An engineer is comparing voltages for two types of batteries (K and Q) using a sample of 72 type K batteries and a sample of 49 type Q batteries. The mean voltage is measured as 9.41 for the type K batteries with a standard deviation of 0.723, and the mean voltage is 9.69 for type Q batteries with a standard deviation of 0.257. Conduct a hypothesis test for the conjecture that the mean voltage for these two types of batteries is different. Let µ1 be the true mean voltage for type K batteries and µ2 be the true mean voltage for type Q batteries. Use α = 0.05 level of significance.

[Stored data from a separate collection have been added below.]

section \<open>Weak* closed convex hulls and minimisers\<close>

lemma topspace_weak_star_topology: "topspace weak_star_topology = UNIV"
proof -
  have "UNIV \<in> {{v::'a::real_normed_vector \<Rightarrow>\<^sub>L real. blinfun_apply v x \<in> U} | x U. open U}"
    by (intro CollectI exI[of _ 0] exI[of _ UNIV]) auto
  then show ?thesis
    unfolding weak_star_topology_def by auto
qed

lemma openin_weak_star_halfspace:
  "openin weak_star_topology {v::'a::real_normed_vector \<Rightarrow>\<^sub>L real. c < blinfun_apply v x}"
proof -
  have "{v::'a \<Rightarrow>\<^sub>L real. c < blinfun_apply v x} \<in> {{v. blinfun_apply v x \<in> U} | x U. open U}"
    by (intro CollectI exI[of _ x] exI[of _ "{c<..}"]) auto
  then show ?thesis
    unfolding weak_star_topology_def by (rule topology_generated_by_Basis)
qed

lemma closedin_weak_star_subdiff: "closedin weak_star_topology (subdiff f x)"
proof (cases "f x")
  case (real a)
  have "closedin weak_star_topology {w. ereal (a + blinfun_apply w (y - x)) \<le> f y}" for y
  proof (cases "f y")
    case (real b)
    have "{w. ereal (a + blinfun_apply w (y - x)) \<le> f y} = UNIV - {w. b - a < blinfun_apply w (y - x)}"
      using real by auto
    then show ?thesis
      using openin_weak_star_halfspace topspace_weak_star_topology by (metis closedin_diff closedin_topspace)
  qed (simp_all add: closedin_topspace[of weak_star_topology, unfolded topspace_weak_star_topology])
  moreover have "subdiff f x = (\<Inter>y. {w. ereal (a + blinfun_apply w (y - x)) \<le> f y})"
    using subdiff_iff[of f, OF real] by auto
  ultimately show ?thesis
    by auto
next
  case PInf
  then show ?thesis by (simp add: subdiff_def)
next
  case MInf
  then show ?thesis
    using closedin_topspace[of weak_star_topology] by (simp add: subdiff_def topspace_weak_star_topology)
qed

1. State the null and alternative hypotheses for the test.
2. Compute the value of the test statistic. Round your answer to two decimal places.
3. Determine the decision rule for rejecting the null hypothesis H0. Round the numerical portion of your answer to two decimal places.
4. Make the decision for the hypothesis test.

Answer 1

Given:

For battery k(sample 1):

Sample size, n = 75

Sample mean, X' = 9.41

Standard deviation = 0.723

Mean u1 =???

For battery Q(sample 2):

Sample size, n = 49

Sample mean, X' = 9.69

Standard deviation = 0.257

Mean u2 =???

Significance level = 0.05

1) The null and alternative hypotheses, will be given as:

H0 : u1 - u2 = 0

H1 : u1 - u2 ≠ 0

2) This is a two tailed test.

For the test statistic, we have :

`Z_o = \frac{X'_1 - X'_2}{\sqrt{((\sigma_1)^2)/(n_1) + ((\sigma_2)^2)/(n_2)}}`

`= \frac{9.41 - 9.69}{\sqrt{((0.723)^2)/(75) + ((0.257)^2)/(49)}} = - 3.018`

≈ 3.02

The Zo = - 3.02

3) For the p value, using excel, we have:

2 * P(Z > (-3.018))

= 2 * NORMDIST (-3.018, 0, 1, true)

= 0.00254

For critical value:

Zcritical = Za/2 = 0.05/2

Zcritical = 0.025

We have alternative hypothesis,

H1 : u1 - u2 ≠ 0.

Therefore we reject null hypothesis H0 if Zo > Zcritical

4) We reject null hypothesis H0 if Zo > Zcritical. At 0.05 level of significance, there is not enough evidence to conclude that mean u1 and mean u2 are different.